==== Information given ====

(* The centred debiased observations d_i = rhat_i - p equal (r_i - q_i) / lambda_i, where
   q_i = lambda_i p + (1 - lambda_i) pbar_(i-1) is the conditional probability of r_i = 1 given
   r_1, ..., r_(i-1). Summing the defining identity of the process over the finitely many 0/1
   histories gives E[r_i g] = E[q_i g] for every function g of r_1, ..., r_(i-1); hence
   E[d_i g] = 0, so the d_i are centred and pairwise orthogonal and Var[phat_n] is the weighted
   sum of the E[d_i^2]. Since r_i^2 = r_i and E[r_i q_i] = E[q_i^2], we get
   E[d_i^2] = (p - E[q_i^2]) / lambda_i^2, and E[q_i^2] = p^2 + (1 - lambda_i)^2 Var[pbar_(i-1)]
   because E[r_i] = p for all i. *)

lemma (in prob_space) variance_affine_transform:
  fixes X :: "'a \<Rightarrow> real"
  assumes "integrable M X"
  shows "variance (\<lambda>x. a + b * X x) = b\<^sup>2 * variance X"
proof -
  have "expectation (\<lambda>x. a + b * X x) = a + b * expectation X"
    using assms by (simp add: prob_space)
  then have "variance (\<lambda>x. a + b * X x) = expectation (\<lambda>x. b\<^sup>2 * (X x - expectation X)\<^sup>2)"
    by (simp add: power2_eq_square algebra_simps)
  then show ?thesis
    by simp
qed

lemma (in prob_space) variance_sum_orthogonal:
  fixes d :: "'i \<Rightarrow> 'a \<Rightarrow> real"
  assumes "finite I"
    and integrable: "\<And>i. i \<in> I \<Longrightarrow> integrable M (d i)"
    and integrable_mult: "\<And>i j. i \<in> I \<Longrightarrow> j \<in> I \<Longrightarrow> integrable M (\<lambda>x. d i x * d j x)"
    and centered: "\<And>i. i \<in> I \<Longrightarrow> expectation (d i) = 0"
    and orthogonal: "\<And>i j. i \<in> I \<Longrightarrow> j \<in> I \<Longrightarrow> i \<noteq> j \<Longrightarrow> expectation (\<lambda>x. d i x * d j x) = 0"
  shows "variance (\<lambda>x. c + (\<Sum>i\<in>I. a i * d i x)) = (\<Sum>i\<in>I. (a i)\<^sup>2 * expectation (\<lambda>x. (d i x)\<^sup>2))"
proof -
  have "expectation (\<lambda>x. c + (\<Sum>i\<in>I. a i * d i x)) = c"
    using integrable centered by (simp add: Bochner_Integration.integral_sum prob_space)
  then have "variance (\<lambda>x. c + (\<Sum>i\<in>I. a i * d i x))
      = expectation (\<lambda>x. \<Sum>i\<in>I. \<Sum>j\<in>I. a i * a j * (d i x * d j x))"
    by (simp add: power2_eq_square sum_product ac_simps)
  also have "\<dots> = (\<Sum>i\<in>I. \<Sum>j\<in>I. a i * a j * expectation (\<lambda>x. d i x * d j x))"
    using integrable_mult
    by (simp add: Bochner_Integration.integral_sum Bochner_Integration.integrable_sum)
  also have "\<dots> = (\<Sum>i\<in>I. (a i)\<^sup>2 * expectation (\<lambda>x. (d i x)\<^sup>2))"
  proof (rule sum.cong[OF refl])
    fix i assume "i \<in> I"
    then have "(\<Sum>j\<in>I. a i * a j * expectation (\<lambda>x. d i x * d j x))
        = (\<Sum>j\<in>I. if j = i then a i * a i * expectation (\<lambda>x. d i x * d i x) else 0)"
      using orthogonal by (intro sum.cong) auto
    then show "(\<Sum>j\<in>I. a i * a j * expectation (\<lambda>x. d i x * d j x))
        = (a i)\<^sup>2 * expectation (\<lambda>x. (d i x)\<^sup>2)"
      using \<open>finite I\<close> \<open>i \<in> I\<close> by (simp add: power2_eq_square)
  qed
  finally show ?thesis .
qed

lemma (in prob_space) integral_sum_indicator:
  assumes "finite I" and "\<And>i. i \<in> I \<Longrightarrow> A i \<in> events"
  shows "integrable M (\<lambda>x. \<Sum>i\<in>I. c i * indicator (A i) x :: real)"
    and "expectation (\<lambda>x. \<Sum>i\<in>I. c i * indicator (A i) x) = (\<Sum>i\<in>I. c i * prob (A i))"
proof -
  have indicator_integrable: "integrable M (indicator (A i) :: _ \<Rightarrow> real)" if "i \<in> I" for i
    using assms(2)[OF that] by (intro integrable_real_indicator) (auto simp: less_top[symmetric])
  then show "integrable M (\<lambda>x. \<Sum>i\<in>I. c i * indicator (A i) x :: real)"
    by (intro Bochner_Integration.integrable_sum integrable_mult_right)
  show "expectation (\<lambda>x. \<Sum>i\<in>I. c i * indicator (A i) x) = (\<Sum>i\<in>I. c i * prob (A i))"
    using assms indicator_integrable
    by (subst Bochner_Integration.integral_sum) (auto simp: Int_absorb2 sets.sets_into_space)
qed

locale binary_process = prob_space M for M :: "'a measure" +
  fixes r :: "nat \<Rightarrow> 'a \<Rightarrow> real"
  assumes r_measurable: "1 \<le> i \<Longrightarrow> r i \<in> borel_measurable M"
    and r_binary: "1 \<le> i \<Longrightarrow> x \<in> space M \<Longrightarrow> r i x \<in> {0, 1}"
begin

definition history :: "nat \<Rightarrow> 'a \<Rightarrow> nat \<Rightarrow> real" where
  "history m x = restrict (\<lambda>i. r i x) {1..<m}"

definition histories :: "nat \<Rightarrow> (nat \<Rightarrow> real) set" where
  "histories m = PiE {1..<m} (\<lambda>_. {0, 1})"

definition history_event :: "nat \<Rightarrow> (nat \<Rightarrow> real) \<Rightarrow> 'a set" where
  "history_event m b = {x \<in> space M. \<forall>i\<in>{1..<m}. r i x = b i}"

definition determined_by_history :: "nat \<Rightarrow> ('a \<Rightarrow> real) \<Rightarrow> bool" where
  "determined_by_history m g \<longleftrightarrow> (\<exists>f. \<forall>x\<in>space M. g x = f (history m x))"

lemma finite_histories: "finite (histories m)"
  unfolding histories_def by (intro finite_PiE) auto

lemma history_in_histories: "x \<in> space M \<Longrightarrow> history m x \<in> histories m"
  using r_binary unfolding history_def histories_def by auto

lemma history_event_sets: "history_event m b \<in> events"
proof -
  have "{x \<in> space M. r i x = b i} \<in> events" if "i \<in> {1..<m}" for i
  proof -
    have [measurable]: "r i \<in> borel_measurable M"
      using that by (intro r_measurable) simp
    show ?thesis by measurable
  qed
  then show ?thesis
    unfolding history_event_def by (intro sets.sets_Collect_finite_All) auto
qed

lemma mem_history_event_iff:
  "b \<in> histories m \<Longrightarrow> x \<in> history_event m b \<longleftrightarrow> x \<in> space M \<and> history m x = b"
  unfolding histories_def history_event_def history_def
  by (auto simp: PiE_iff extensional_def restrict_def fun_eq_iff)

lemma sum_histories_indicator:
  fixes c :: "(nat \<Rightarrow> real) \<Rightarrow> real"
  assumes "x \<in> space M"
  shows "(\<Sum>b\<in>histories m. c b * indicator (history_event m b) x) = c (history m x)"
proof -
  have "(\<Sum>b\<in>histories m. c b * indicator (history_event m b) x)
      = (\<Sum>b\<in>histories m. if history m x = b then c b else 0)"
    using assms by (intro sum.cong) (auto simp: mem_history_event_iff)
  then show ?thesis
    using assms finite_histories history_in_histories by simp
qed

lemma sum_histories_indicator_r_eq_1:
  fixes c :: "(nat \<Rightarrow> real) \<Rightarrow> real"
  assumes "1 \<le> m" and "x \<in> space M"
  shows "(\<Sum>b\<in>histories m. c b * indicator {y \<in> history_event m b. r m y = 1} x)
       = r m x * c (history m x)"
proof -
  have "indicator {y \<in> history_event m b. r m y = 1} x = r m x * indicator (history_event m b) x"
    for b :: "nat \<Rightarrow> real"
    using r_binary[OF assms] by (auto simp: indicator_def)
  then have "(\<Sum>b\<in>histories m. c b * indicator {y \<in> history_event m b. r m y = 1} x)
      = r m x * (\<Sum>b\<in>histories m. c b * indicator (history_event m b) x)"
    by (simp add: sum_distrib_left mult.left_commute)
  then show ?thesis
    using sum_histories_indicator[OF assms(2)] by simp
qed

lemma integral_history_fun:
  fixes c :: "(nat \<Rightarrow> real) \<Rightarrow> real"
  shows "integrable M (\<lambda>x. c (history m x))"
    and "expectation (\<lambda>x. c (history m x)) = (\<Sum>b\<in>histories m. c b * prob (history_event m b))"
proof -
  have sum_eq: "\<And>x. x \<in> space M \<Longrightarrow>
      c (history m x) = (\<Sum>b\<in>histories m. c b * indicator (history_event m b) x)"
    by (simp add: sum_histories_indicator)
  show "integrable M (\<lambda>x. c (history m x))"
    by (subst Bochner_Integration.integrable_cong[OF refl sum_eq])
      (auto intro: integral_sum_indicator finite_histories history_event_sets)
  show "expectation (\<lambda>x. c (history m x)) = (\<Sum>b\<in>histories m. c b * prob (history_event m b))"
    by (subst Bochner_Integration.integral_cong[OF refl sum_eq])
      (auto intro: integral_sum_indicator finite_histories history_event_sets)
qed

====

_Task requirements_
Look through the listing above. Pick out each line with "events" and copy it.

_Solution to the problem_
  assumes "finite I" and "\<And>i. i \<in> I \<Longrightarrow> A i \<in> events"
lemma history_event_sets: "history_event m b \<in> events"
  have "{x \<in> space M. r i x = b i} \<in> events" if "i \<in> {1..<m}" for i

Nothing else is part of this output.